Sunday, September 16, 2007

Hair of the dog.

You rallied last night, got your ass off the couch and went out to the bar with the kids. Maybe you didn't eat dinner. Maybe you had two huge drinks, smoked some pot and then ate a burrito. Maybe also you threw up last night and briefly considered making a bed for yourself on the floor of the bathroom with the throw rug draped ceremoniously over you like a stole. Now you're awake, you've got a headache and every time you stand up you bob and weave like a homeless. This is not ideal. It's Sunday. There's shit that needs to get done. Laundry. Return things to the library. Take a shower. Fix your bangs, which are insane right now. Maybe eat those chips your roommate bought last night while you contemplate doing a face mask and watching Season 4 of Sex and the City. You kind of wish you could get stoned and watch nature shows on the Discovery Channel but lack cable, pot and the drive to find either. Looks like someone's hung over!

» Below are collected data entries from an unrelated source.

definition visc_sol :: "(real \<Rightarrow> real) \<Rightarrow> (real \<Rightarrow> real \<Rightarrow> real) \<Rightarrow> bool" where
  "visc_sol G u \<longleftrightarrow>
     continuous_on ({0..} \<times> UNIV) (\<lambda>(t, x). u t x) \<and> visc_sub G u \<and> visc_super G u"

definition G_normal :: "(('b \<Rightarrow> real) \<Rightarrow> real) \<Rightarrow> ('b \<Rightarrow> real) \<Rightarrow> bool" where
  "G_normal Et \<xi> \<longleftrightarrow>
     (\<forall>f. cbl1 f \<longrightarrow>
        (let u = (\<lambda>t x. Et (\<lambda>\<omega>. f (x + sqrt t * \<xi> \<omega>))) in
          visc_sol (G_of Et \<xi>) u \<and> (\<forall>x. u 0 x = f x) \<and>
          (\<forall>v. visc_sol (G_of Et \<xi>) v \<and> (\<forall>x. v 0 x = f x) \<and>
               (\<exists>B. \<forall>t\<ge>0. \<forall>x. \<bar>v t x\<bar> \<le> B) \<longrightarrow>
               (\<forall>t\<ge>0. \<forall>x. v t x = u t x))))"

definition calH :: "(('b \<Rightarrow> real) \<Rightarrow> real) \<Rightarrow> ('b \<Rightarrow> real) \<Rightarrow> (real \<Rightarrow> real) set" where
  "calH Et \<xi> = {f. cbl1 f \<and> Et (\<lambda>\<omega>. f (\<xi> \<omega>)) = - Et (\<lambda>\<omega>. - f (\<xi> \<omega>))}"

section \<open>Song's Berry-Esseen bound (cited theorem) as a property of alpha\<close>

definition Song_bound :: "('a \<Rightarrow> real) set \<Rightarrow> (('a \<Rightarrow> real) \<Rightarrow> real) \<Rightarrow>
    (('b \<Rightarrow> real) \<Rightarrow> real) \<Rightarrow> ('b \<Rightarrow> real) \<Rightarrow> real \<Rightarrow> real \<Rightarrow> bool" where
  "Song_bound H E Et \<xi> \<beta> \<alpha> \<longleftrightarrow>
     0 < \<alpha> \<and> \<alpha> < 1 \<and>
     (\<exists>C>0. \<forall>Y. std_seq H E \<beta> Y \<and> (\<forall>i\<ge>1. (\<lambda>\<omega>. \<bar>Y i \<omega>\<bar> powr (2 + \<alpha>)) \<in> H) \<longrightarrow>
        (\<forall>n\<ge>1. \<forall>g. cbl1 g \<and> (\<forall>x y. \<bar>g x - g y\<bar> \<le> \<bar>x - y\<bar>) \<longrightarrow>
           \<bar>E (\<lambda>\<omega>. g (Wn E Y n \<omega>)) - Et (\<lambda>\<omega>. g (\<xi> \<omega>))\<bar> \<le>
           C * (MAX i\<in>{1..n}. E (\<lambda>\<omega>. \<bar>Y i \<omega>\<bar> powr (2 + \<alpha>)) / sig E Y i powr (2 + \<alpha>)
                              * (sig E Y i / Bn E Y n) powr \<alpha>)))"

end

theory Submission
  imports Defs
begin

text \<open>Since \<open>f\<close> is bounded, say by \<open>B\<close>, each centred term \<open>\<xi>\<^sub>i\<close> is bounded by \<open>2B\<close>, and
  the block \<open>Z\<^sub>l\<close> has \<open>3 \<cdot> 4\<^bsup>l-1\<^esup>\<close> terms with \<open>i \<ge> 4\<^bsup>l-1\<^esup>\<close>, so \<open>|Z\<^sub>l| \<le> 6B\<close>
  pointwise. Monotonicity and constant preservation of the sub-linear expectation then give
  \<open>\<bbbE>[Z\<^sub>l\<^sup>2] \<le> 36B\<^sup>2\<close> for every block, so \<open>M\<^sub>5 = 36B\<^sup>2 + 1\<close> works.\<close>

lemma cbl1_clipped_square:
  assumes "K \<ge> 0"
  shows "cbl1 (\<lambda>x::real. (max (-K) (min K x))\<^sup>2)"
  unfolding cbl1_def
proof (intro conjI exI allI)
  fix x :: real
  have "\<bar>max (-K) (min K x)\<bar> \<le> K" using assms by auto
  then have "\<bar>max (-K) (min K x)\<bar>\<^sup>2 \<le> K\<^sup>2" by (rule power_mono) simp
  then show "\<bar>(max (-K) (min K x))\<^sup>2\<bar> \<le> K\<^sup>2" by simp
next
  fix x y :: real
  let ?a = "max (-K) (min K x)" and ?b = "max (-K) (min K y)"
  have diff: "\<bar>?a - ?b\<bar> \<le> \<bar>x - y\<bar>" by (auto simp: max_def min_def)
  have sum: "\<bar>?a + ?b\<bar> \<le> 2 * K" using assms by (auto simp: max_def min_def)
  have "?a\<^sup>2 - ?b\<^sup>2 = (?a - ?b) * (?a + ?b)"
    by (simp add: power2_eq_square algebra_simps)
  then have "\<bar>?a\<^sup>2 - ?b\<^sup>2\<bar> = \<bar>?a - ?b\<bar> * \<bar>?a + ?b\<bar>"
    by (simp add: abs_mult)
  also have "\<dots> \<le> \<bar>x - y\<bar> * (2 * K)" by (rule mult_mono[OF diff sum]) auto
  finally show "\<bar>?a\<^sup>2 - ?b\<^sup>2\<bar> \<le> 2 * K * \<bar>x - y\<bar>" by (simp add: mult.commute)
qed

Hangovers look like this. Hangovers are the feeling when you wake up dressed only in your underwear and a sweatshirt, wondering why you failed to put on pants or remove the sweatshirt. Sometimes you wake up and there's a bag of Milanos, a Nalgene filled with water and a pair of scissors in your bed next to you. There's no reasonable explanation for this.
Let's all try to handle hangovers with decorum, grace and dignity. Wash your face. Put on some pants. Brush your teeth, even if the sensation of the toothbrush in your mouth is enough to make you vomit again. Throw on your eating pants and get your ass to brunch. You're going to eat a trough full of hash-browns, hollandaise and bacon. It's going to be delicious.

2 comments:

Julia said...

WHY WAS I NOT INFORMED OF THIS!?!??! I WOULD LIKE TO CONTRIBUTE. I KNOW TRASHY. OR NOT.

orange said...

This one is ridiculously funny!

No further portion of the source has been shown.